June 14, 2017
Area(s) of Interest: AB 72 Payor Issues and Reimbursement
On July 1, 2017, a new law (AB 72, 2016) will take effect that changes the billing practices of non-contracted physicians providing non-emergent care at in-network facilities including hospitals, ambulatory surgery centers and laboratories. The law is designed to reduce unexpected medical bills when patients go to an in-network facility but receive care from an out-of-network doctor.
While patients with out-of-network benefits can consent to treatment from out-of-network providers, absent a valid consent form, health plans and insurers are required to reimburse out-of-network physicians at an interim payment rate. The interim rate is the greater of 125 percent of Medicare or the plan/insurer’s average contracted rate (ACR).
Under the new law, payors must submit their ACR data to insurance regulators by July 1, 2017.
The California Medical Association (CMA) has been working hard to ensure that health plans and insurers do not game the system to pay artificially low reimbursement rates to physicians subject to AB 72. CMA told regulators that in order to accurately reflect an "average" of the rates, the ACR must account for the volume of claims paid at a specific contracted rate rather than simply averaging the total volume of contracts. For example, a contract that accounts for a small volume of services should not be weighted equally as a contract that accounts for 75 percent of the services provided by that payor.
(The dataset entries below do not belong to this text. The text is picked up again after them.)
(* Let $f\in\mathcal B$ be not an extreme point of $\mathcal B$, and let $A_n,B_n$ be its Schur polynomials. Then there exist analytic functions $a,b$ on $\mathbb D$ such that $A_n\to a$ and $B_n\to b$ uniformly on compact subsets of $\mathbb D$ as $n\to\infty$, and $a=bf$. Moreover $A_n^*\to0$ and $B_n^*\to0$ uniformly on compact subsets of $\mathbb D$.
   Context: $\mathbb D=\{|z|<1\}$; $\mathcal B$ is the set of analytic $f$ on $\mathbb D$ with $|f|<1$ on $\mathbb D$. An element $f\in\mathcal B$ is an extreme point of $\mathcal B$ if it is not a proper convex combination $tg+(1-t)h$, $0<t<1$, of two distinct $g,h\in\mathcal B$. (A non-extreme $f$ is not a finite Blaschke product, so the Schur algorithm below never terminates.) For a polynomial $p$ indexed by $n$, $p^*(z)=z^n\overline{p(1/\bar z)}$ (reversal with respect to degree $n$). Schur algorithm: $f_0=f$, $\gamma_n=f_n(0)$, $f_{n+1}(z)=\frac1z\frac{f_n(z)-\gamma_n}{1-\overline{\gamma_n}f_n(z)}$. Schur polynomials: $A_0=\gamma_0$, $B_0=1$, and for $n\ge1$, $A_n=A_{n-1}+z\gamma_nB_{n-1}^*$, $B_n=B_{n-1}+z\gamma_nA_{n-1}^*$. *)

theory Defs
  imports "HOL-Complex_Analysis.Complex_Analysis" "HOL-Computational_Algebra.Polynomial"
begin

definition schur_class :: "(complex \<Rightarrow> complex) set" where
  "schur_class = {f. f holomorphic_on ball 0 1 \<and> (\<forall>z\<in>ball 0 1. norm (f z) < 1)}"

definition schur_extreme :: "(complex \<Rightarrow> complex) \<Rightarrow> bool" where
  "schur_extreme f \<longleftrightarrow> f \<in> schur_class \<and>
     \<not> (\<exists>g h t. g \<in> schur_class \<and> h \<in> schur_class \<and> (\<exists>z\<in>ball 0 1. g z \<noteq> h z) \<and>
          0 < t \<and> t < 1 \<and>
          (\<forall>z\<in>ball 0 1. f z = complex_of_real t * g z + complex_of_real (1 - t) * h z))"

text \<open>Schur algorithm. The value at 0 of f_{n+1} is the value of the removable
  singularity, i.e. the derivative at 0 of the Moebius-transformed function.\<close>
primrec schur_iter :: "(complex \<Rightarrow> complex) \<Rightarrow> nat \<Rightarrow> complex \<Rightarrow> complex" where
  "schur_iter f 0 = f"
| "schur_iter f (Suc n) =
     (let g = schur_iter f n;
          m = (\<lambda>w. (g w - g 0) / (1 - cnj (g 0) * g w))
      in (\<lambda>z. if z = 0 then deriv m 0 else m z / z))"

definition schur_param :: "(complex \<Rightarrow> complex) \<Rightarrow> nat \<Rightarrow> complex" where
  "schur_param f n = schur_iter f n 0"

text \<open>Reversal p^*(z) = z^n conj(p(1/conj z)) of a polynomial of degree at most n.\<close>
definition poly_star :: "nat \<Rightarrow> complex poly \<Rightarrow> complex poly" where
  "poly_star n p = (\<Sum>i\<le>n. monom (cnj (coeff p (n - i))) i)"

fun schur_AB :: "(complex \<Rightarrow> complex) \<Rightarrow> nat \<Rightarrow> complex poly \<times> complex poly" where
  "schur_AB f 0 = ([:schur_param f 0:], 1)"
| "schur_AB f (Suc n) =
     (let A = fst (schur_AB f n); B = snd (schur_AB f n); g = schur_param f (Suc n)
      in (A + smult g (pCons 0 (poly_star n B)), B + smult g (pCons 0 (poly_star n A))))"

definition schur_A :: "(complex \<Rightarrow> complex) \<Rightarrow> nat \<Rightarrow> complex poly" where
  "schur_A f n = fst (schur_AB f n)"

definition schur_B :: "(complex \<Rightarrow> complex) \<Rightarrow> nat \<Rightarrow> complex poly" where
  "schur_B f n = snd (schur_AB f n)"

end

theory Submission
  imports Defs
begin

text \<open>
  If \<open>f = t g + (1 - t) h\<close> with \<open>g \<noteq> h\<close> in the Schur class, then \<open>\<phi> = sqrt (t (1 - t)) (g - h)\<close>
  is a mate of \<open>f\<close>: a holomorphic function with \<open>\<bar>f\<bar>\<^sup>2 + \<bar>\<phi>\<bar>\<^sup>2 \<le> 1\<close> on the disc, and by the
  maximum principle its zero at \<open>0\<close> may be divided out. A mate survives the Schur algorithm:
  \<open>\<phi> E\<^sub>n / sqrt P\<^sub>n\<close> is a mate of the \<open>n\<close>-th iterate \<open>f\<^sub>n\<close>, where
  \<open>E\<^sub>n = \<Prod>k<n. 1 + cnj \<gamma>\<^sub>k z f\<^sub>k\<^sub>+\<^sub>1\<close> and \<open>P\<^sub>n = \<Prod>k<n. 1 - \<bar>\<gamma>\<^sub>k\<bar>\<^sup>2\<close>.
  At \<open>z = 0\<close> this gives \<open>P\<^sub>n \<ge> \<bar>\<phi> 0\<bar>\<^sup>2\<close>, so \<open>\<Sum> \<bar>\<gamma>\<^sub>k\<bar>\<^sup>2 < \<infinity>\<close>.

  The pairs \<open>(B\<^sub>n, A\<^sub>n\<^sup>*)\<close> and \<open>(A\<^sub>n, B\<^sub>n\<^sup>*)\<close> obey a hyperbolic recursion whose energy identity
  bounds \<open>\<bar>\<phi> 0\<bar>\<^sup>2 (1 - \<bar>z\<bar>\<^sup>2) \<Sum>k<n. \<bar>A\<^sub>k\<^sup>*\<bar>\<^sup>2\<close> by \<open>\<bar>B\<^sub>n\<bar>\<^sup>2 + 1\<close>, and similarly with
  \<open>A\<close> and \<open>B\<close> exchanged. The identity \<open>B\<^sub>n + z A\<^sub>n\<^sup>* f\<^sub>n\<^sub>+\<^sub>1 = E\<^sub>n\<^sub>+\<^sub>1\<close> together with
  \<open>\<bar>\<phi> E\<^sub>n\<^sub>+\<^sub>1\<bar> \<le> 1\<close> bounds \<open>A\<^sub>n\<close> and \<open>B\<^sub>n\<close> on circles avoiding the zeros of \<open>\<phi>\<close>, hence
  locally uniformly. Then the square summability of the \<open>\<gamma>\<^sub>k\<close> makes \<open>A\<^sub>n\<close>, \<open>B\<^sub>n\<close> locally
  uniformly Cauchy and drives \<open>A\<^sub>n\<^sup>*\<close>, \<open>B\<^sub>n\<^sup>*\<close> to \<open>0\<close>; finally
  \<open>A\<^sub>n - f B\<^sub>n = z f\<^sub>n\<^sub>+\<^sub>1 (f A\<^sub>n\<^sup>* - B\<^sub>n\<^sup>*) \<longrightarrow> 0\<close>.
\<close>

lemma cmod_lincomb_sq_le:
  fixes \<alpha> \<beta> a b :: complex
  shows "norm (\<alpha> * a + \<beta> * b)^2 \<le> (norm \<alpha>^2 + norm \<beta>^2) * (norm a^2 + norm b^2)"
proof -
  have "norm (\<alpha> * a + \<beta> * b) \<le> norm \<alpha> * norm a + norm \<beta> * norm b"
    by (metis norm_mult norm_triangle_ineq)
  then have "norm (\<alpha> * a + \<beta> * b)^2 \<le> (norm \<alpha> * norm a + norm \<beta> * norm b)^2"
    by (simp add: power_mono)
  also have "\<dots> \<le> (norm \<alpha>^2 + norm \<beta>^2) * (norm a^2 + norm b^2)"
    using zero_le_power2[of "norm \<alpha> * norm b - norm \<beta> * norm a"]
    by (simp add: power2_eq_square algebra_simps)
  finally show ?thesis .
qed

lemma cmod_convex_comb_sq:
  fixes g h :: complex and t :: real
  shows "norm (of_real t * g + of_real (1 - t) * h)^2 + t * (1 - t) * norm (g - h)^2
           = t * norm g^2 + (1 - t) * norm h^2"
proof -
  have "complex_of_real (norm (of_real t * g + of_real (1 - t) * h)^2 + t * (1 - t) * norm (g - h)^2)
      = complex_of_real (t * norm g^2 + (1 - t) * norm h^2)"
    by (simp only: of_real_add of_real_mult of_real_diff of_real_1 complex_norm_square)
       (simp add: algebra_simps)
  then show ?thesis
    using of_real_eq_iff by blast
qed

lemma cmod_moebius_defect:
  fixes h c :: complex
  shows "norm (h - c)^2 + (1 - norm h^2) * (1 - norm c^2) = norm (1 - cnj c * h)^2"
proof -
  have "complex_of_real (norm (h - c)^2 + (1 - norm h^2) * (1 - norm c^2))
      = complex_of_real (norm (1 - cnj c * h)^2)"
    by (simp only: of_real_add of_real_mult of_real_diff of_real_1 complex_norm_square)
       (simp add: algebra_simps)
  then show ?thesis
    using of_real_eq_iff by blast
qed

lemma cmod_hyperbolic_step:
  fixes x y g w :: complex
  shows "norm (x + g * w * y)^2 - norm (cnj g * x + w * y)^2
           = (1 - norm g^2) * (norm x^2 - norm w^2 * norm y^2)"
proof -
  have "complex_of_real (norm (x + g * w * y)^2 - norm (cnj g * x + w * y)^2)
      = complex_of_real ((1 - norm g^2) * (norm x^2 - norm w^2 * norm y^2))"
    by (simp only: of_real_add of_real_mult of_real_diff of_real_1 complex_norm_square)
       (simp add: algebra_simps)
  then show ?thesis
    using of_real_eq_iff by blast
qed

lemma norm_le_absorb:
  fixes x y u e w :: complex
  assumes "x + w * y * u = e" "norm y \<le> norm x + 1" "norm u \<le> 1" "norm w \<le> r" "r < 1"
  shows "norm x \<le> (norm e + 1) / (1 - r)"
proof -
  have r: "0 \<le> r"
    using assms(4) norm_ge_zero order_trans by blast
  have "x = e - w * y * u"
    using assms(1) by (simp add: algebra_simps)
  then have "norm x \<le> norm e + norm w * norm y * norm u"
    using norm_triangle_ineq4[of e "w * y * u"] by (simp add: norm_mult)
  also have "norm w * norm y * norm u \<le> r * (norm x + 1) * 1"
    using assms(2-4) r by (intro mult_mono) auto
  finally have "norm x * (1 - r) \<le> norm e + r"
    by (simp add: algebra_simps)
  also have "\<dots> \<le> norm e + 1"
    using assms(5) by simp
  finally show ?thesis
    using assms(5) by (simp add: pos_le_divide_eq)
qed

lemma summable_if_prod_one_minus_bounded_below:
  fixes a :: "nat \<Rightarrow> real"
  assumes a: "\<And>k. 0 \<le> a k" "\<And>k. a k \<le> 1"
    and q: "0 < q" "\<And>n. q \<le> (\<Prod>k<n. 1 - a k)"
  shows "summable a"
proof (rule summableI_nonneg_bounded[of _ "- ln q"])
  fix n
  have "1 - a k \<le> exp (- a k)" for k
    using exp_ge_add_one_self[of "- a k"] by simp
  then have "q \<le> (\<Prod>k<n. exp (- a k))"
    using a by (intro order_trans[OF q(2) prod_mono]) simp
  also have "\<dots> = exp (- (\<Sum>k<n. a k))"
    by (simp add: exp_sum[symmetric] sum_negf)
  finally have "ln q \<le> - (\<Sum>k<n. a k)"
    using ln_le_cancel_iff[of q "exp (- (\<Sum>k<n. a k))"] q(1) by simp
  then show "(\<Sum>k<n. a k) \<le> - ln q"
    by simp
qed (use a in simp)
CMA argued that a failure to base ACR on claims volume would result in payors having the ability to skew the data to artificially deflate the ACR and diminish the value of contracts with large groups that treat the majority of patients. CMA also expressed concern that an ACR that is below current market rate creates a disincentive for payors to contract with physicians because they can rely on the interim payment as a de facto fee schedule.
Consistent with CMA advocacy, the California Department of Insurance (CDI) recently issued instructions that requires insurers to calculate ACR based on claims volume paid at a specific contracted rate by CPT code in each geographic region, and requires that data to be submitted separately by market segment – individual, small group and large group. CMA is pleased that CDI has taken physician concerns seriously and is taking steps to ensure that insurers do not artificially deflate their ACR and manipulate the data for their own benefit.
The Department of Managed Health Care has yet to issue any specific instructions on this issue, but is expected to do so very soon.